It looks attractive to coordinate racetrack-memory(RM) and stochastic-computing (SC) jointly to build an ultra-low power neuron-architecture. However, the above combination has always been questioned in a fatal weakness that the narrow bit-view of the RM-MTJ structure, a.k.a. shift-and-access pattern, cannot physically match the great throughput of direct-stored stochastic sequences. Fortunately, a recently developed Transverse-Read(TR) provides a wider segment-view to RM via detecting the resistance of domain-walls between a couple of MTJs on single nanowire, therefore RM can be enhanced with a faster access to the sequences without any substantial domain-shift. To utilize TR for a power-efficient SC-DNNs, we propose a segment-based compression to leverage one-cycle TR to only read those kernel segments of stochastic sequences, meanwhile, remove a large number of redundant segments for ultra-high storage density. In decompression stage, low-discrepancy stochastic sequences can be quickly reassembled by a select-and-output loop using kernel segments rather than slowly regenerated by costly SNGs.

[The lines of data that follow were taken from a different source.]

lemma card_ncycle_conjugators_in:
  assumes "1 \<le> n" "finite H"
  shows "card {a \<in> sym n. inv a \<circ> ncycle n \<circ> a \<in> H} \<le> card H * n"
proof -
  have "{a \<in> sym n. inv a \<circ> ncycle n \<circ> a \<in> H}
      = (\<Union>h\<in>H. {a \<in> sym n. inv a \<circ> ncycle n \<circ> a = h})"
    by blast
  also have "card \<dots> \<le> (\<Sum>h\<in>H. card {a \<in> sym n. inv a \<circ> ncycle n \<circ> a = h})"
    by (rule card_UN_le[OF assms(2)])
  also have "\<dots> \<le> card H * n"
    using sum_bounded_above[of H _ n] card_ncycle_conjugators[OF assms(1)] by simp
  finally show ?thesis .
qed

lemma square_plus_3_le_fact: "4 \<le> n \<Longrightarrow> n * n + 3 \<le> fact n"
proof (induction n rule: nat_induct_at_least)
  case base
  then show ?case by (simp add: fact_numeral)
next
  case (Suc n)
  have "Suc n * Suc n + 3 \<le> Suc n * (n * n + 3)"
    using Suc by (simp add: algebra_simps)
  also have "\<dots> \<le> Suc n * fact n"
    using Suc.IH by (intro mult_le_mono2)
  finally show ?case
    by simp
qed

definition Spos :: "nat \<Rightarrow> (nat \<Rightarrow> nat) set" where
  "Spos n = sym n - {id, ncycle n, ncycle_inv n}"

lemma transpose_12_in_Spos:
  assumes "4 \<le> n"
  shows "Transposition.transpose 1 2 \<in> Spos n"
proof -
  have "Transposition.transpose 1 2 \<in> sym n"
    using assms unfolding sym_def by (auto intro: permutes_swap_id)
  moreover have "Transposition.transpose (1::nat) 2 \<notin> {id, ncycle n, ncycle_inv n}"
    using assms by (auto simp: ncycle_def ncycle_inv_def dest: fun_cong[where x = 1] fun_cong[where x = 3])
  ultimately show ?thesis
    by (simp add: Spos_def)
qed

lemma ncycle_times_transpose_in_Spos:
  assumes "4 \<le> n" "g \<in> {ncycle n, ncycle_inv n}"
  shows "g \<circ> Transposition.transpose 1 2 \<in> Spos n"
proof -
  have "g \<circ> Transposition.transpose 1 2 \<in> sym n"
    using assms ncycle_in_sym transpose_12_in_Spos unfolding sym_def Spos_def
    by (auto intro: permutes_compose)
  moreover have "g \<circ> Transposition.transpose 1 2 \<notin> {id, ncycle n, ncycle_inv n}"
    using assms by (auto simp: ncycle_def ncycle_inv_def dest: fun_cong[where x = 1] fun_cong[where x = 2])
  ultimately show ?thesis
    by (simp add: Spos_def)
qed

lemma Spos_short_word:
  assumes "4 \<le> n" "g \<in> sym n"
  obtains ws where "set ws \<subseteq> Spos n" "word_prod ws = g" "length ws \<le> 2"
proof -
  let ?t = "Transposition.transpose (1::nat) 2"
  consider "g = id" | "g \<in> Spos n" | "g \<in> {ncycle n, ncycle_inv n}"
    using assms(2) by (auto simp: Spos_def)
  then show ?thesis
  proof cases
    case 1
    then show ?thesis
      by (intro that[of "[]"]) (auto simp: word_prod_def)
  next
    case 2
    then show ?thesis
      by (intro that[of "[g]"]) (auto simp: word_prod_def)
  next
    case 3
    then show ?thesis
      using assms(1) transpose_12_in_Spos ncycle_times_transpose_in_Spos
      by (intro that[of "[g \<circ> ?t, ?t]"]) (auto simp: word_prod_def comp_assoc)
  qed
qed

Since TR can provide an ideal in-memory acceleration in one-counting, counter-free SC-MACs are designed and deployed near RMs to form a power-efficient neuron-architecture, in which, the binary results of TR are activated straightforward without sluggish APCs. The results show that under the TR aided RM model, the power efficiency, speed, and stochastic accuracy of Seed-based Fast Stochastic Computing significantly enhance the performance of DNNs. The speed of computation is 2.88x faster in Lenet-5 and 4.40x faster in VGG-19 compared to the CORUSCANT. The integration of TR with RTM is deployed near the memory to create a power-efficient neuron architecture, eliminating the need for slow Accumulative Parallel Counters (APCs) and improving access speed to stochastic sequences.

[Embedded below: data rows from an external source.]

(* Let $\Lambda_0$ be the even shift over $\{0,1\}$ (the subshift with forbidden words $1\,0^{2n+1}\,1$, $n\in\mathbb Z_{\ge0}$) and $\Lambda_1$ the odd shift over $\{0,1\}$ (forbidden words $1\,0^{2n}\,1$, $n\in\mathbb Z_{\ge0}$). Then the one-sided subshifts $(X_{\Lambda_0},\sigma_{\Lambda_0})$ and $(X_{\Lambda_1},\sigma_{\Lambda_1})$ are continuously orbit equivalent.
   Context: Both are normal subshifts. Subshifts over finite alphabet $\Sigma$: $B_l(\Lambda)$, $B_*(\Lambda)$ admissible words; $X_\Lambda=\{(x_n)_{n\in\mathbb N}:(x_n)_{n\in\mathbb Z}\in\Lambda\}$ with shift $\sigma_\Lambda$. $\Gamma_l^-(\mu)=\{\nu\in B_l(\Lambda):\nu\mu\in B_*(\Lambda)\}$, $\Gamma_*^+(\mu)=\{\nu:\mu\nu\in B_*(\Lambda)\}$; $\mu$ is $l$-synchronizing if $\Gamma_l^-(\mu)=\Gamma_l^-(\mu\omega)$ for all $\omega\in\Gamma_*^+(\mu)$, $S_l(\Lambda)$ the set of these; $\mu\sim_l\nu$ iff $\Gamma_l^-(\mu)=\Gamma_l^-(\nu)$. The minimal presentation $\mathfrak L=\mathfrak L_\Lambda^{\min}$ of a normal $\Lambda$ has vertex sets $V_0$ a singleton and $V_l=S_l(\Lambda)/\!\sim_l$, one edge labeled $\alpha$ from $[\alpha\nu]_l$ to $[\nu]_{l+1}$ for each $\nu\in S_{l+1}(\Lambda)$, $\alpha\nu\in B_*(\Lambda)$, and maps $\iota([\nu]_{l+1})=[\nu]_l$. Let $\Omega_{\mathfrak L}=\{(u^l)_{l\ge0}\in\prod_lV_l:\iota(u^{l+1})=u^l\}$; $E_{\mathfrak L}$ the set of $(u,\alpha,w)\in\Omega_{\mathfrak L}\times\Sigma\times\Omega_{\mathfrak L}$ such that for each $l$ there is an edge from $u^l$ to $w^{l+1}$ labeled $\alpha$; $X_{\mathfrak L}=\{(\alpha_i,u_i)_{i\in\mathbb N}:\exists u_0,\ (u_{i-1},\alpha_i,u_i)\in E_{\mathfrak L}\ \forall i\ge1\}$ with product topology, shift $\sigma_{\mathfrak L}$ and factor map $\pi_{\mathfrak L}((\alpha_i,u_i)_i)=(\alpha_i)_i$. For normal $\Lambda_0,\Lambda_1$ with $\mathfrak L_i=\mathfrak L_{\Lambda_i}^{\min}$, $X_{\Lambda_0}$ and $X_{\Lambda_1}$ are continuously orbit equivalent if there exist homeomorphisms $h_{\mathfrak L}:X_{\mathfrak L_0}\to X_{\mathfrak L_1}$, $h_\Lambda:X_{\Lambda_0}\to X_{\Lambda_1}$ and continuous $k_i,l_i:X_{\mathfrak L_i}\to\mathbb Z_{\ge0}$ with $\pi_{\mathfrak L_1}\circ h_{\mathfrak L}=h_\Lambda\circ\pi_{\mathfrak L_0}$, $\sigma_{\mathfrak L_1}^{k_0(x)}(h_{\mathfrak L}(\sigma_{\mathfrak L_0}(x)))=\sigma_{\mathfrak L_1}^{l_0(x)}(h_{\mathfrak L}(x))$ and $\sigma_{\mathfrak L_0}^{k_1(y)}(h_{\mathfrak L}^{-1}(\sigma_{\mathfrak L_1}(y)))=\sigma_{\mathfrak L_0}^{l_1(y)}(h_{\mathfrak L}^{-1}(y))$ for all $x\in X_{\mathfrak L_0}$, $y\in X_{\mathfrak L_1}$. *)

theory Defs
  imports "HOL-Analysis.Analysis"
begin

definition occurs :: "'a list \<Rightarrow> (int \<Rightarrow> 'a) \<Rightarrow> bool" where
  "occurs w x \<longleftrightarrow> (\<exists>k::int. \<forall>i<length w. x (k + int i) = w ! i)"

definition Bstar :: "(int \<Rightarrow> 'a) set \<Rightarrow> 'a list set" where
  "Bstar \<Lambda> = {w. \<exists>x\<in>\<Lambda>. occurs w x}"

definition Bl :: "(int \<Rightarrow> 'a) set \<Rightarrow> nat \<Rightarrow> 'a list set" where
  "Bl \<Lambda> l = {w \<in> Bstar \<Lambda>. length w = l}"

definition XLam :: "(int \<Rightarrow> 'a) set \<Rightarrow> (nat \<Rightarrow> 'a) set" where
  "XLam \<Lambda> = {(\<lambda>n. x (int n)) | x. x \<in> \<Lambda>}"

definition Gminus :: "(int \<Rightarrow> 'a) set \<Rightarrow> nat \<Rightarrow> 'a list \<Rightarrow> 'a list set" where
  "Gminus \<Lambda> l \<mu> = {\<nu> \<in> Bl \<Lambda> l. \<nu> @ \<mu> \<in> Bstar \<Lambda>}"

definition Gplus :: "(int \<Rightarrow> 'a) set \<Rightarrow> 'a list \<Rightarrow> 'a list set" where
  "Gplus \<Lambda> \<mu> = {\<nu>. \<mu> @ \<nu> \<in> Bstar \<Lambda>}"

definition Ssync :: "(int \<Rightarrow> 'a) set \<Rightarrow> nat \<Rightarrow> 'a list set" where
  "Ssync \<Lambda> l = {\<mu> \<in> Bstar \<Lambda>. \<forall>\<omega>\<in>Gplus \<Lambda> \<mu>. Gminus \<Lambda> l \<mu> = Gminus \<Lambda> l (\<mu> @ \<omega>)}"

definition cls :: "(int \<Rightarrow> 'a) set \<Rightarrow> nat \<Rightarrow> 'a list \<Rightarrow> 'a list set" where
  "cls \<Lambda> l \<mu> = {\<nu> \<in> Ssync \<Lambda> l. Gminus \<Lambda> l \<nu> = Gminus \<Lambda> l \<mu>}"

text \<open>vertex set V_l = S_l(Lambda)/~_l  (for l = 0 this is the singleton {B_*(Lambda)})\<close>
definition Vset :: "(int \<Rightarrow> 'a) set \<Rightarrow> nat \<Rightarrow> 'a list set set" where
  "Vset \<Lambda> l = {cls \<Lambda> l \<mu> | \<mu>. \<mu> \<in> Ssync \<Lambda> l}"

definition iota_rel :: "(int \<Rightarrow> 'a) set \<Rightarrow> nat \<Rightarrow> 'a list set \<Rightarrow> 'a list set \<Rightarrow> bool" where
  "iota_rel \<Lambda> l U W \<longleftrightarrow> (\<exists>\<nu>\<in>Ssync \<Lambda> (Suc l). U = cls \<Lambda> (Suc l) \<nu> \<and> W = cls \<Lambda> l \<nu>)"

翻译：将赛道存储器与随机计算协同构建超低功耗神经元架构颇具吸引力。然而，该组合始终存在一个致命缺陷：RM-MTJ结构的窄位视图（即移位访问模式）在物理上无法匹配直接存储随机序列的高吞吐量。幸运的是，最近发展的横向读取技术通过检测单根纳米线上多个MTJ间畴壁的电阻，为RM提供了更宽的段视图，从而可在无需实质性畴移的情况下实现对序列的快速访问。为将TR应用于高能效SC-DNN，我们提出基于段的压缩方法，利用单周期TR仅读取随机序列的核心段，同时移除大量冗余段以实现超高存储密度。在解压缩阶段，低差异随机序列可通过核心段的选择-输出循环快速重组，而非依赖昂贵的随机数生成器缓慢重构。由于TR能在单次计数中提供理想的内存加速，我们设计无计数器SC-MAC单元并部署于RM附近，构建高能效神经元架构，其中TR的二进制结果可直接激活而无需缓慢的累加并行计数器。实验表明，在TR辅助的RM模型下，基于种子的快速随机计算在能效、速度和随机精度上的提升显著增强了DNN性能。与CORUSCANT相比，LeNet-5计算速度提升2.88倍，VGG-19提升4.40倍。TR与RTM的集成部署在存储器近端，形成了高能效神经元架构，消除了对慢速累加并行计数器的需求，并提升了对随机序列的访问速度。